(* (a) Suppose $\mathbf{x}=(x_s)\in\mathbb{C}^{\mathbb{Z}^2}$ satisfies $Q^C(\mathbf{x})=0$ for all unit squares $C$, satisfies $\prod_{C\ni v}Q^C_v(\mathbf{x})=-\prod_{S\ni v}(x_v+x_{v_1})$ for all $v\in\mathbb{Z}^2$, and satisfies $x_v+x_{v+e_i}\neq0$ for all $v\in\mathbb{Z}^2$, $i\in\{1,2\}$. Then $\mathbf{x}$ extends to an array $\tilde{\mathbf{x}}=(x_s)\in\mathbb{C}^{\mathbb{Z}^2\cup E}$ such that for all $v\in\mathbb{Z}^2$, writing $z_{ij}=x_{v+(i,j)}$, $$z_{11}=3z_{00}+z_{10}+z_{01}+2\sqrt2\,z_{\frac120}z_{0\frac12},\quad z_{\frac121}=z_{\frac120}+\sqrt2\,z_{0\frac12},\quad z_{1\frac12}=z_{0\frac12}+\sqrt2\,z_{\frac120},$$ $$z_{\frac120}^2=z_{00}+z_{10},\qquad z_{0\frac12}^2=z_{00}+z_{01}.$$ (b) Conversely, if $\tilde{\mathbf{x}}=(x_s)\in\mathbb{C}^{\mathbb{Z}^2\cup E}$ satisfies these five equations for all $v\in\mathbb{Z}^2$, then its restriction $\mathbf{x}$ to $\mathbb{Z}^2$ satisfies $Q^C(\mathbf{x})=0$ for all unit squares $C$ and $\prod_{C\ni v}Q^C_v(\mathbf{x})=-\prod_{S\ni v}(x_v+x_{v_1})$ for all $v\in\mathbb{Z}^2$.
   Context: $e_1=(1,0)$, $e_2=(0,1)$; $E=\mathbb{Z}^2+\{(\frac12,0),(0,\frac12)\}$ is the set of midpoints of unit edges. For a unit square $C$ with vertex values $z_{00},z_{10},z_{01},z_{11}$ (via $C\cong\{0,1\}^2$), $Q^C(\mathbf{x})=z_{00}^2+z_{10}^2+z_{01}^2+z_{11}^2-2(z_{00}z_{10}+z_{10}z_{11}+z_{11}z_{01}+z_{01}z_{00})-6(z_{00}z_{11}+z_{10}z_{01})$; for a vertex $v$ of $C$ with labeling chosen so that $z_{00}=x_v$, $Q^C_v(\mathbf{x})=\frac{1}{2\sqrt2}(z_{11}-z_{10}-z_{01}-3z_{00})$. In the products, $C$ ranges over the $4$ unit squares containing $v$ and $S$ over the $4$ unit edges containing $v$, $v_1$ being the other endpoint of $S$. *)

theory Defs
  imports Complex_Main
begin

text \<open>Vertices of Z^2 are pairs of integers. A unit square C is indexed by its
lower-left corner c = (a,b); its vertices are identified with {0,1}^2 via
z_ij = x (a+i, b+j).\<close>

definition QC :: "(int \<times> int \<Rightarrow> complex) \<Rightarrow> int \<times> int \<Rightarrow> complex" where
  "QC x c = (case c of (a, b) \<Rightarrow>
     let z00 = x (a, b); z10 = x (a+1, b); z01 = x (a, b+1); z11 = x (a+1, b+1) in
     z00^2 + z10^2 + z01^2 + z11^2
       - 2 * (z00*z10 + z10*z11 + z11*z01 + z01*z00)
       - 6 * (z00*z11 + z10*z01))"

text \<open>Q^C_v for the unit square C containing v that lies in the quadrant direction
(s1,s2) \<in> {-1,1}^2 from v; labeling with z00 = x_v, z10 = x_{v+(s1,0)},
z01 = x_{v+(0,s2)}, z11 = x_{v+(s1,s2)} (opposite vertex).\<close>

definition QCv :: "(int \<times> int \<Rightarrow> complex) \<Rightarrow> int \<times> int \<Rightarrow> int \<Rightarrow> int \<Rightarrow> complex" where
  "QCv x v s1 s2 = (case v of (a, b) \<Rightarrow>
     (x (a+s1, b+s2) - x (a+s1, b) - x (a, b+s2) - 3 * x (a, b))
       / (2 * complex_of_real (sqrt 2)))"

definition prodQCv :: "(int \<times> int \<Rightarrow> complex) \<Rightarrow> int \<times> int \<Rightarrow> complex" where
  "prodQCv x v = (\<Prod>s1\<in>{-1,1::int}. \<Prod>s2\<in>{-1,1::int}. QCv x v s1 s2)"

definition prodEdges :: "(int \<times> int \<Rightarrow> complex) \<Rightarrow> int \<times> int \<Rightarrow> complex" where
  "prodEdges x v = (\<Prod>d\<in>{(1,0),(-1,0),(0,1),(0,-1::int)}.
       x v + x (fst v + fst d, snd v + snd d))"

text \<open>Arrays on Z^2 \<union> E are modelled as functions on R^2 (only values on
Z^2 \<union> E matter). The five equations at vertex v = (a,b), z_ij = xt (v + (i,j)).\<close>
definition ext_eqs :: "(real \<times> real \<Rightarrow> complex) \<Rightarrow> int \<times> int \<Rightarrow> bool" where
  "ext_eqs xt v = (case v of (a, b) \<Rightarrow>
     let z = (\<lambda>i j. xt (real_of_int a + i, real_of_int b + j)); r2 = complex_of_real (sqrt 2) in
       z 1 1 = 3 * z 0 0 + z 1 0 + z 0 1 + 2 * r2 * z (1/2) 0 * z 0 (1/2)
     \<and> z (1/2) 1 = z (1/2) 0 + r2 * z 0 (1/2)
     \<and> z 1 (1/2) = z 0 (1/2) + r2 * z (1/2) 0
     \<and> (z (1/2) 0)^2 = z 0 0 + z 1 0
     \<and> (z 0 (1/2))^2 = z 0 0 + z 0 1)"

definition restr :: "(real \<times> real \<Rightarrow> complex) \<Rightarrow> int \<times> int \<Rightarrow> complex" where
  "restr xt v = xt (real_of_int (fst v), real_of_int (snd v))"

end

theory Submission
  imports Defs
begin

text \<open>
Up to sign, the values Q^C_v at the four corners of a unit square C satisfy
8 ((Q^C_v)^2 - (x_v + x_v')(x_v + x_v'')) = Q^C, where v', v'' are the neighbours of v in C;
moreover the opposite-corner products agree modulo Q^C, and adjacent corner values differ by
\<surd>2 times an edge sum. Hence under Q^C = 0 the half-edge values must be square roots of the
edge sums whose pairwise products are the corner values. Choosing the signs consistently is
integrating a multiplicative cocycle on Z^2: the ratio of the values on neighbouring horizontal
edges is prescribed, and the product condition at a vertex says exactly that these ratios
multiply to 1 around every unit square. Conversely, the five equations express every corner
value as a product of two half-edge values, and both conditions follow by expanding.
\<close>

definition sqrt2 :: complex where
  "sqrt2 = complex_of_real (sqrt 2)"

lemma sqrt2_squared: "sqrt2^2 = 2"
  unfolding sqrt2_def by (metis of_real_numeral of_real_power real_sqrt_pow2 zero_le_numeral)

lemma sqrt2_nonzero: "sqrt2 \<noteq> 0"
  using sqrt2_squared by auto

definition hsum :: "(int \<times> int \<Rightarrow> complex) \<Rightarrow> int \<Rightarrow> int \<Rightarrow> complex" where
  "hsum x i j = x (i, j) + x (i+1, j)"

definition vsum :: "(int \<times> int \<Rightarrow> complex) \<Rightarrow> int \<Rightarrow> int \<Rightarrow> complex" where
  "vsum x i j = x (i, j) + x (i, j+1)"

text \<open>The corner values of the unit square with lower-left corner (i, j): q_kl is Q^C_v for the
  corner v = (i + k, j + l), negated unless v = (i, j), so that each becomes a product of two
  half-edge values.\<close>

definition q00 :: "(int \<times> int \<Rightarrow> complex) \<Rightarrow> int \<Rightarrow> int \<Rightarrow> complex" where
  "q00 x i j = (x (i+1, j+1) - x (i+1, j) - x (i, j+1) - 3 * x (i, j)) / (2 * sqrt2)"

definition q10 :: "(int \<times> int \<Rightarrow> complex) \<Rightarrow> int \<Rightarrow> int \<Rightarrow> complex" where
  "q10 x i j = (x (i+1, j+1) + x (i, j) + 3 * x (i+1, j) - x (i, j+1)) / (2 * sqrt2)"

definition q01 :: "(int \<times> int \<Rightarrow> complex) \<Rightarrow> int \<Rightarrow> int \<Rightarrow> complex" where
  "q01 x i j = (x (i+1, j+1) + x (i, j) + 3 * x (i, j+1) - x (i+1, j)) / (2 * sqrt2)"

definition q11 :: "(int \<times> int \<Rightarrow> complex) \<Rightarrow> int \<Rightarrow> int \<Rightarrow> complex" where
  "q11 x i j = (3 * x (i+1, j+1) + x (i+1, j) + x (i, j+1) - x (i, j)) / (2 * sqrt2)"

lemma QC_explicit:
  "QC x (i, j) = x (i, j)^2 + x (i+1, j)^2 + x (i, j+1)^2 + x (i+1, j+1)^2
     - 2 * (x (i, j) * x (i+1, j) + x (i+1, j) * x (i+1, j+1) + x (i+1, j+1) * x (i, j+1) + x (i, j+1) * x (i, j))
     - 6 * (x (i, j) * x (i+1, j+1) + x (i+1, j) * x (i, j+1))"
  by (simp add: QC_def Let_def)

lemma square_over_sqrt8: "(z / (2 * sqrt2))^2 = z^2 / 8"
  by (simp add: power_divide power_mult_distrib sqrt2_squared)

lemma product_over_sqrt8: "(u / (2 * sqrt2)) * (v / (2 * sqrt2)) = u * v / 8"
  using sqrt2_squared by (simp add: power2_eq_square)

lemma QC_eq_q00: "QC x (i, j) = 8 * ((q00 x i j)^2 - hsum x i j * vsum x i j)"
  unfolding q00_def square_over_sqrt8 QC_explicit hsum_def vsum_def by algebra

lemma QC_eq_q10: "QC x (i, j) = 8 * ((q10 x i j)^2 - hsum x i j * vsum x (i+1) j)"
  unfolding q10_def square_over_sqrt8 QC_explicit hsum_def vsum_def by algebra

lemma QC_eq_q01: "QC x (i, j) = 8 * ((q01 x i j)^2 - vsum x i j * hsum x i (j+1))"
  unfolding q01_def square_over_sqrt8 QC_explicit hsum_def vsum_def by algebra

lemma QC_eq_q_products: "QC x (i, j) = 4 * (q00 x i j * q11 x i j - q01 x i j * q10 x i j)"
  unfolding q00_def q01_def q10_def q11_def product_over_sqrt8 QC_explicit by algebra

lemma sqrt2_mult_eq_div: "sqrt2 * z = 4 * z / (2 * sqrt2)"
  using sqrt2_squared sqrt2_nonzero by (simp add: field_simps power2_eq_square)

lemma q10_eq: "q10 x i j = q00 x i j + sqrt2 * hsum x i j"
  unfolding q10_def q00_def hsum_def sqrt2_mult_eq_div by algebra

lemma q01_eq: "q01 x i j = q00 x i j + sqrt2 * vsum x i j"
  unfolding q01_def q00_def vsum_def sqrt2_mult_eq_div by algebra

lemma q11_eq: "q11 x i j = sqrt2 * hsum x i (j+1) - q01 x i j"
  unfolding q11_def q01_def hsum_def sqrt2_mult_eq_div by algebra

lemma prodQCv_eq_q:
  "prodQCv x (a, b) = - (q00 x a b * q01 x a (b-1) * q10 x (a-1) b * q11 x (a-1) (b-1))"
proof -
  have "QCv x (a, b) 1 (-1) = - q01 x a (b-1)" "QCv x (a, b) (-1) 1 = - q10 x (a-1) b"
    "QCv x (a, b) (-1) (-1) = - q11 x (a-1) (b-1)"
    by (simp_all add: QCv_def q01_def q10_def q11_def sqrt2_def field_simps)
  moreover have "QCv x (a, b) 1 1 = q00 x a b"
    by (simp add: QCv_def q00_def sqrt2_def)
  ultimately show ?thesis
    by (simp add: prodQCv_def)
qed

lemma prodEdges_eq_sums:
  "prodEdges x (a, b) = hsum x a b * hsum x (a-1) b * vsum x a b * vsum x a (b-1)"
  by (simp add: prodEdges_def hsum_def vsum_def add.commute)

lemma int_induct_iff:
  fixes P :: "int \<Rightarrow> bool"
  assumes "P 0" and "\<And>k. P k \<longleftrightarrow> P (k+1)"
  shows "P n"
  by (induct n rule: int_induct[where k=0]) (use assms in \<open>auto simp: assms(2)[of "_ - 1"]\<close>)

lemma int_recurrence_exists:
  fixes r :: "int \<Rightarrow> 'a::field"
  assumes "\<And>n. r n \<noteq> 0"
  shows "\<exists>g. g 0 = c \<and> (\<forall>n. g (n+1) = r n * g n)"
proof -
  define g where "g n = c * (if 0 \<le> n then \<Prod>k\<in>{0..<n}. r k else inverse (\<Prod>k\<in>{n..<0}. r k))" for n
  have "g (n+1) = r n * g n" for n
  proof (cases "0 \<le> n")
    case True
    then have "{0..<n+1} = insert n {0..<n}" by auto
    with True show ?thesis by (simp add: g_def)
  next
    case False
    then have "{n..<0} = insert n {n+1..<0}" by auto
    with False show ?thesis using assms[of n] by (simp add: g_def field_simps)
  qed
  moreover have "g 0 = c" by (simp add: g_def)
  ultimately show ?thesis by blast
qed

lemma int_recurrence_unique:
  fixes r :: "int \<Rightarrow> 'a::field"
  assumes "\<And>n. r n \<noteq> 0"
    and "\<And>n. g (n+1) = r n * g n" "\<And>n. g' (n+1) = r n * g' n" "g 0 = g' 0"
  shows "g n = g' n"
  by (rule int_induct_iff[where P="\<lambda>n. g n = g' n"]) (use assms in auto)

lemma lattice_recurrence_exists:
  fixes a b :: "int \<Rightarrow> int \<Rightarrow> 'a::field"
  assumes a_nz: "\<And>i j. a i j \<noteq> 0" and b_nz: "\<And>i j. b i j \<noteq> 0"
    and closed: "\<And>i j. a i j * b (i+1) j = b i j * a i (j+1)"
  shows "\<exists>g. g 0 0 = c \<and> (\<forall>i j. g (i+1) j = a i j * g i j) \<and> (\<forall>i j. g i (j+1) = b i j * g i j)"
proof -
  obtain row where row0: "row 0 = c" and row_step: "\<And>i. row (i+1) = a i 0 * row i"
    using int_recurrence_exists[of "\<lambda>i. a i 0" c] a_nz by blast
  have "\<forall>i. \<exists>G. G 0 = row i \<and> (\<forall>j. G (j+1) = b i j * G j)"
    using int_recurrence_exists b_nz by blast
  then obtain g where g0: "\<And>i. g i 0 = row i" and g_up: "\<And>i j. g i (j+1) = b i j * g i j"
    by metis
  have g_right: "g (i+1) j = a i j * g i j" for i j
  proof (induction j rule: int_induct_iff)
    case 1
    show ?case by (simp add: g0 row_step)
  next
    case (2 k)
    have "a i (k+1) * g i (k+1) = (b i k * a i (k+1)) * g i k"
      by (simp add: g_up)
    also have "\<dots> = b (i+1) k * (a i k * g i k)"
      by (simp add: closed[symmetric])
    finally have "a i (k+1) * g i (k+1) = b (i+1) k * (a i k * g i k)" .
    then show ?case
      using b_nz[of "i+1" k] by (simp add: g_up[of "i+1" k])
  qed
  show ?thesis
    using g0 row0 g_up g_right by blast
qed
__________
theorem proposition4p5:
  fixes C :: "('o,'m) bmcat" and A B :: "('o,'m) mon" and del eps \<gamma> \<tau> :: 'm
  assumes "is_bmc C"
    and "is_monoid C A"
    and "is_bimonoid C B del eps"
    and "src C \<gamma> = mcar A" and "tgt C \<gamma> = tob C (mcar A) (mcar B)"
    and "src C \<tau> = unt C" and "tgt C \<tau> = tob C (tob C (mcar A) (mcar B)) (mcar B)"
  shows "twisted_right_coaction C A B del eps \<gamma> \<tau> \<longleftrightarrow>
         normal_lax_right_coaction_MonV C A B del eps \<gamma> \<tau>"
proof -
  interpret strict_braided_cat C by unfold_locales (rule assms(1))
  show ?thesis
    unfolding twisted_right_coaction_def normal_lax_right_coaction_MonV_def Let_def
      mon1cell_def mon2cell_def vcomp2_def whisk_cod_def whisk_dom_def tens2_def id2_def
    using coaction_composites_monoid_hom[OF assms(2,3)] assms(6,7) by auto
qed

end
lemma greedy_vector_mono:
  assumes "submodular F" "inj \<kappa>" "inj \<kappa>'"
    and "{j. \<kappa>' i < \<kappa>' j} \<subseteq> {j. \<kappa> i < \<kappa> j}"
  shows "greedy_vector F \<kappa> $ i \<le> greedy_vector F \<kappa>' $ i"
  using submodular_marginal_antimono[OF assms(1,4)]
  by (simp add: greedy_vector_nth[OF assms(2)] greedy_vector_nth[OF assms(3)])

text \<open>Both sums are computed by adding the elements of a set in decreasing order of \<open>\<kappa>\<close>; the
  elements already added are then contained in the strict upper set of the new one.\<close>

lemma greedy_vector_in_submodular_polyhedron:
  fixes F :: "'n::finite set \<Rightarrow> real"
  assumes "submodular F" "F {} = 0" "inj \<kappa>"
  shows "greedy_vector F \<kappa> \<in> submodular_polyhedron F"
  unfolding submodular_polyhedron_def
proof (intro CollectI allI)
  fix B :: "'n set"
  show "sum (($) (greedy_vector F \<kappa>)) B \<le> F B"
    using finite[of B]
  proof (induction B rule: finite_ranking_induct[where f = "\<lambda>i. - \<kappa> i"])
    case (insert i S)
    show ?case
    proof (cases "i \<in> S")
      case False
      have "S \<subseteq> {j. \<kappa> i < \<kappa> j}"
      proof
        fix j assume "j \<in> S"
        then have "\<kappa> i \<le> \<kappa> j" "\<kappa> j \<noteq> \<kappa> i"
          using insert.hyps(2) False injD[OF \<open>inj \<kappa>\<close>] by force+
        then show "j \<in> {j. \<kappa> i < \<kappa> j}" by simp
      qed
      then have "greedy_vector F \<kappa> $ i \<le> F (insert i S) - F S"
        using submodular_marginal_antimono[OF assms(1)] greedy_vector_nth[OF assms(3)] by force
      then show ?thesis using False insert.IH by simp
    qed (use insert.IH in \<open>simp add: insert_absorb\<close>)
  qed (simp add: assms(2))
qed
__________
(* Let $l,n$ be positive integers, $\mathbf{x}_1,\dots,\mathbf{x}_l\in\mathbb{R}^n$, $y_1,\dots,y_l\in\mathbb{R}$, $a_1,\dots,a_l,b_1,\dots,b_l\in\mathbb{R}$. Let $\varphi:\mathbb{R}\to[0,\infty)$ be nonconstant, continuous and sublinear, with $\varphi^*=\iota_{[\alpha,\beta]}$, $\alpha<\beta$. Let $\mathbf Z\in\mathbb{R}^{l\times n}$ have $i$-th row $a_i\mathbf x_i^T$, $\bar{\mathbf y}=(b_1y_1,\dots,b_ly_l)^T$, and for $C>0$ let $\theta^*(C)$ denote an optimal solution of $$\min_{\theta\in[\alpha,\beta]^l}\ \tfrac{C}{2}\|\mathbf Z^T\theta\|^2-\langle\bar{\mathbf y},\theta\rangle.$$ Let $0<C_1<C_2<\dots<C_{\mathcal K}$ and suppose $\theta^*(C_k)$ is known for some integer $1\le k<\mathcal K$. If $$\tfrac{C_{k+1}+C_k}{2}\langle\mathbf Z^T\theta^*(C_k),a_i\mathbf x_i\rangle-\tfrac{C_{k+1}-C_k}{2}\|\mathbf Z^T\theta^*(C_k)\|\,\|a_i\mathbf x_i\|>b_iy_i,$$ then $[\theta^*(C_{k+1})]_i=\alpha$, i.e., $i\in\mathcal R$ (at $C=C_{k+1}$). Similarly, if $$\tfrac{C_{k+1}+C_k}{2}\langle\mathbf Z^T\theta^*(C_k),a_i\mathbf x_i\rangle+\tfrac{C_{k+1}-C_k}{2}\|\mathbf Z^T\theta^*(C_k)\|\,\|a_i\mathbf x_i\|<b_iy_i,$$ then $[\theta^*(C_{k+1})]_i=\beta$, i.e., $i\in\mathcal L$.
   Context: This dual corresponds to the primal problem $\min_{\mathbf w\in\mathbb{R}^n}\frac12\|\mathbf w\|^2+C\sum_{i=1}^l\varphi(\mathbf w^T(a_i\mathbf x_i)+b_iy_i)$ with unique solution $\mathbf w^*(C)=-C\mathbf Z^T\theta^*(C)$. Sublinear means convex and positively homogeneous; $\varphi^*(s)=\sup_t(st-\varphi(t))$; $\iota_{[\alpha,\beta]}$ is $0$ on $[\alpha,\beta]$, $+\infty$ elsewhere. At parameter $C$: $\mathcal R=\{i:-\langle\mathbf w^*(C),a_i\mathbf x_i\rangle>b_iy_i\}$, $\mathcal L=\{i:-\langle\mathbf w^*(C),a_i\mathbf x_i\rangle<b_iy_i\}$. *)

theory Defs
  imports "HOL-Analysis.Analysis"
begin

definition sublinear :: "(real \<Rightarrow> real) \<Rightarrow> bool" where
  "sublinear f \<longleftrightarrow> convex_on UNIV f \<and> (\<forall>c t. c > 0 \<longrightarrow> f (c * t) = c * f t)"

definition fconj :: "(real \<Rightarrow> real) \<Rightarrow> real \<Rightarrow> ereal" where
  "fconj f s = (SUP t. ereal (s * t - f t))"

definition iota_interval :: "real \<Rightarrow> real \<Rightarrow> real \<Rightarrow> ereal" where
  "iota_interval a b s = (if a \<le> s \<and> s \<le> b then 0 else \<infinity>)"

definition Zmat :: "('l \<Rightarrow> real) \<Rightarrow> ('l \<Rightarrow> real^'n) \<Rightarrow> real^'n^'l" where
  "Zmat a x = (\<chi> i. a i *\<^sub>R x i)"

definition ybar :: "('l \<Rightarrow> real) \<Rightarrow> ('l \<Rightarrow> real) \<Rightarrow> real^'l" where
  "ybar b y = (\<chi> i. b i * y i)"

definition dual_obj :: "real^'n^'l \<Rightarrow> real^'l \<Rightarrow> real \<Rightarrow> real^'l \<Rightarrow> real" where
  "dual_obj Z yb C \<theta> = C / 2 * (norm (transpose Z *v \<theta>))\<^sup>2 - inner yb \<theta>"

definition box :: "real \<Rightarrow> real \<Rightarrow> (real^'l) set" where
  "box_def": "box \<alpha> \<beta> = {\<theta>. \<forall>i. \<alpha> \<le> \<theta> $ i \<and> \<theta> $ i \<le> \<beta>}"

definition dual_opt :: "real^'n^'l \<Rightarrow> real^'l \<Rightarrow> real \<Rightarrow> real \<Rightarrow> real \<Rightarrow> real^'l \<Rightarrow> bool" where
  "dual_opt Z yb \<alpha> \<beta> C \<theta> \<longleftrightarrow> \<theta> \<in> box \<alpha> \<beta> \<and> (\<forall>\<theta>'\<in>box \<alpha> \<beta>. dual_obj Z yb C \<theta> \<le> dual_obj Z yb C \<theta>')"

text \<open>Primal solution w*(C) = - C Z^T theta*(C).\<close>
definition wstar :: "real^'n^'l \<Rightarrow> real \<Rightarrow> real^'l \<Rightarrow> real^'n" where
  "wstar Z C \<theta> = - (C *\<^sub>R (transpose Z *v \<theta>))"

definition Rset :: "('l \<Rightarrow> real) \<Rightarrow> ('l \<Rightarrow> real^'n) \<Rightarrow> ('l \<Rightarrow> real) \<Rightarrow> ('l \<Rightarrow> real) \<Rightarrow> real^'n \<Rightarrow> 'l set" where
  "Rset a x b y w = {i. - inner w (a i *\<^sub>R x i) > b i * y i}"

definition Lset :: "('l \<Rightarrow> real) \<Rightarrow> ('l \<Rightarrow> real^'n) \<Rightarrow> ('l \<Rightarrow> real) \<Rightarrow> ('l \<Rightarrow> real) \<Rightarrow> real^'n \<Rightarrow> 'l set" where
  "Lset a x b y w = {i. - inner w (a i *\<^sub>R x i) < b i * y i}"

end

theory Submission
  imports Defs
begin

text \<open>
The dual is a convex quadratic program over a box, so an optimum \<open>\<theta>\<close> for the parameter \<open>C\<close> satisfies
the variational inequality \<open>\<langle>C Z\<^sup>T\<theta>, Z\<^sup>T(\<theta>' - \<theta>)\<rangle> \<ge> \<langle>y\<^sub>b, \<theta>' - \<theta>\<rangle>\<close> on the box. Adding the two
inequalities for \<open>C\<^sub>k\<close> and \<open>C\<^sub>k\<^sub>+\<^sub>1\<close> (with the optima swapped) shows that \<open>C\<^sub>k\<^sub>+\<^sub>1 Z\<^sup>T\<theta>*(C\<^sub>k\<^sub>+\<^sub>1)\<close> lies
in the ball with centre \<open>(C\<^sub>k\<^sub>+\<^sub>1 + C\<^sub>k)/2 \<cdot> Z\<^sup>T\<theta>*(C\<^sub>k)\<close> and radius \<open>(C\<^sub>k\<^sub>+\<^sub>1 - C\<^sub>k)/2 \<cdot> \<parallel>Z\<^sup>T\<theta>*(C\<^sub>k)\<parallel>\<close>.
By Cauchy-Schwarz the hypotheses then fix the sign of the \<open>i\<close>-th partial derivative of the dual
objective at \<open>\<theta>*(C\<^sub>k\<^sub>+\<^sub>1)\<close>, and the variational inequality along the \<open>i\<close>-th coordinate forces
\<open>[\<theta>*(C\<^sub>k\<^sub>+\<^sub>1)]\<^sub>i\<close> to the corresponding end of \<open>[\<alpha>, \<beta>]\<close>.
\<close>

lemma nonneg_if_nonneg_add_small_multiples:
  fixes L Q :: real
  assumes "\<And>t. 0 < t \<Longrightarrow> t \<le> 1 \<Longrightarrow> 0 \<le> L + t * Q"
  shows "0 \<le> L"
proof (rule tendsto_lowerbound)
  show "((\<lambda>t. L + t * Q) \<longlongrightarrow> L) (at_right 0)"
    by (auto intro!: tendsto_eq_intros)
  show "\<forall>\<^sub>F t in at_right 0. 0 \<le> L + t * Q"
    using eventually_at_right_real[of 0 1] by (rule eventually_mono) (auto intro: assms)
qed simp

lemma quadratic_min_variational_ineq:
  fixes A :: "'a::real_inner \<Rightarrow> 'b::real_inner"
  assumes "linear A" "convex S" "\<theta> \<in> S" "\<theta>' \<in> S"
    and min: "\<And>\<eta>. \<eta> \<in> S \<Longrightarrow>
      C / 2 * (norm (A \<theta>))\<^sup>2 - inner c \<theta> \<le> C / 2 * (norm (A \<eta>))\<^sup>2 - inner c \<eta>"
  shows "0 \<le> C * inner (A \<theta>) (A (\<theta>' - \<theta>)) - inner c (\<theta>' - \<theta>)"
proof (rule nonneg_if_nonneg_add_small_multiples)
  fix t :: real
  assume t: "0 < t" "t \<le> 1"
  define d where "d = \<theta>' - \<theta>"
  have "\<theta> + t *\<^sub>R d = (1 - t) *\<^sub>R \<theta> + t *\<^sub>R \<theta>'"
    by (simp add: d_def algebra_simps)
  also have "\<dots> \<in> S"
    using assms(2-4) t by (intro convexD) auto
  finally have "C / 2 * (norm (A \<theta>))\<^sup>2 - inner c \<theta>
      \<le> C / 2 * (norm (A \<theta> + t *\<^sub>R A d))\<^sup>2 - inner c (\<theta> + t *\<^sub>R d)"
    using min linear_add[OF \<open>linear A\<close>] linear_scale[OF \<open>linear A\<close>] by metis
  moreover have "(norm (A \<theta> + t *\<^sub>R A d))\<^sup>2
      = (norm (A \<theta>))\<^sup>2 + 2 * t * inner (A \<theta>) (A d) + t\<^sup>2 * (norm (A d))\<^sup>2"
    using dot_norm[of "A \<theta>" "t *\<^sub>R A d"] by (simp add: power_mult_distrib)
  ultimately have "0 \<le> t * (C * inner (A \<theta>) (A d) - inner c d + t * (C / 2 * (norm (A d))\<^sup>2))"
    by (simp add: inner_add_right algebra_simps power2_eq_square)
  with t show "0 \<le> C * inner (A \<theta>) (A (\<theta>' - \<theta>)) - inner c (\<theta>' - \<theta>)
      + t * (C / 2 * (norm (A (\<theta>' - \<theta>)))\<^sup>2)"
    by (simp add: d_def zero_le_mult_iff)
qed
__________
Give back the records above exactly, limited to the lines between the one holding "corner v = (i" and the one holding "- 2 * (x (i, j) * x", inclusive.

* Output below
  corner v = (i + k, j + l), negated unless v = (i, j), so that each becomes a product of two
  half-edge values.\<close>

definition q00 :: "(int \<times> int \<Rightarrow> complex) \<Rightarrow> int \<Rightarrow> int \<Rightarrow> complex" where
  "q00 x i j = (x (i+1, j+1) - x (i+1, j) - x (i, j+1) - 3 * x (i, j)) / (2 * sqrt2)"

definition q10 :: "(int \<times> int \<Rightarrow> complex) \<Rightarrow> int \<Rightarrow> int \<Rightarrow> complex" where
  "q10 x i j = (x (i+1, j+1) + x (i, j) + 3 * x (i+1, j) - x (i, j+1)) / (2 * sqrt2)"

definition q01 :: "(int \<times> int \<Rightarrow> complex) \<Rightarrow> int \<Rightarrow> int \<Rightarrow> complex" where
  "q01 x i j = (x (i+1, j+1) + x (i, j) + 3 * x (i, j+1) - x (i+1, j)) / (2 * sqrt2)"

definition q11 :: "(int \<times> int \<Rightarrow> complex) \<Rightarrow> int \<Rightarrow> int \<Rightarrow> complex" where
  "q11 x i j = (3 * x (i+1, j+1) + x (i+1, j) + x (i, j+1) - x (i, j)) / (2 * sqrt2)"

lemma QC_explicit:
  "QC x (i, j) = x (i, j)^2 + x (i+1, j)^2 + x (i, j+1)^2 + x (i+1, j+1)^2
     - 2 * (x (i, j) * x (i+1, j) + x (i+1, j) * x (i+1, j+1) + x (i+1, j+1) * x (i, j+1) + x (i, j+1) * x (i, j))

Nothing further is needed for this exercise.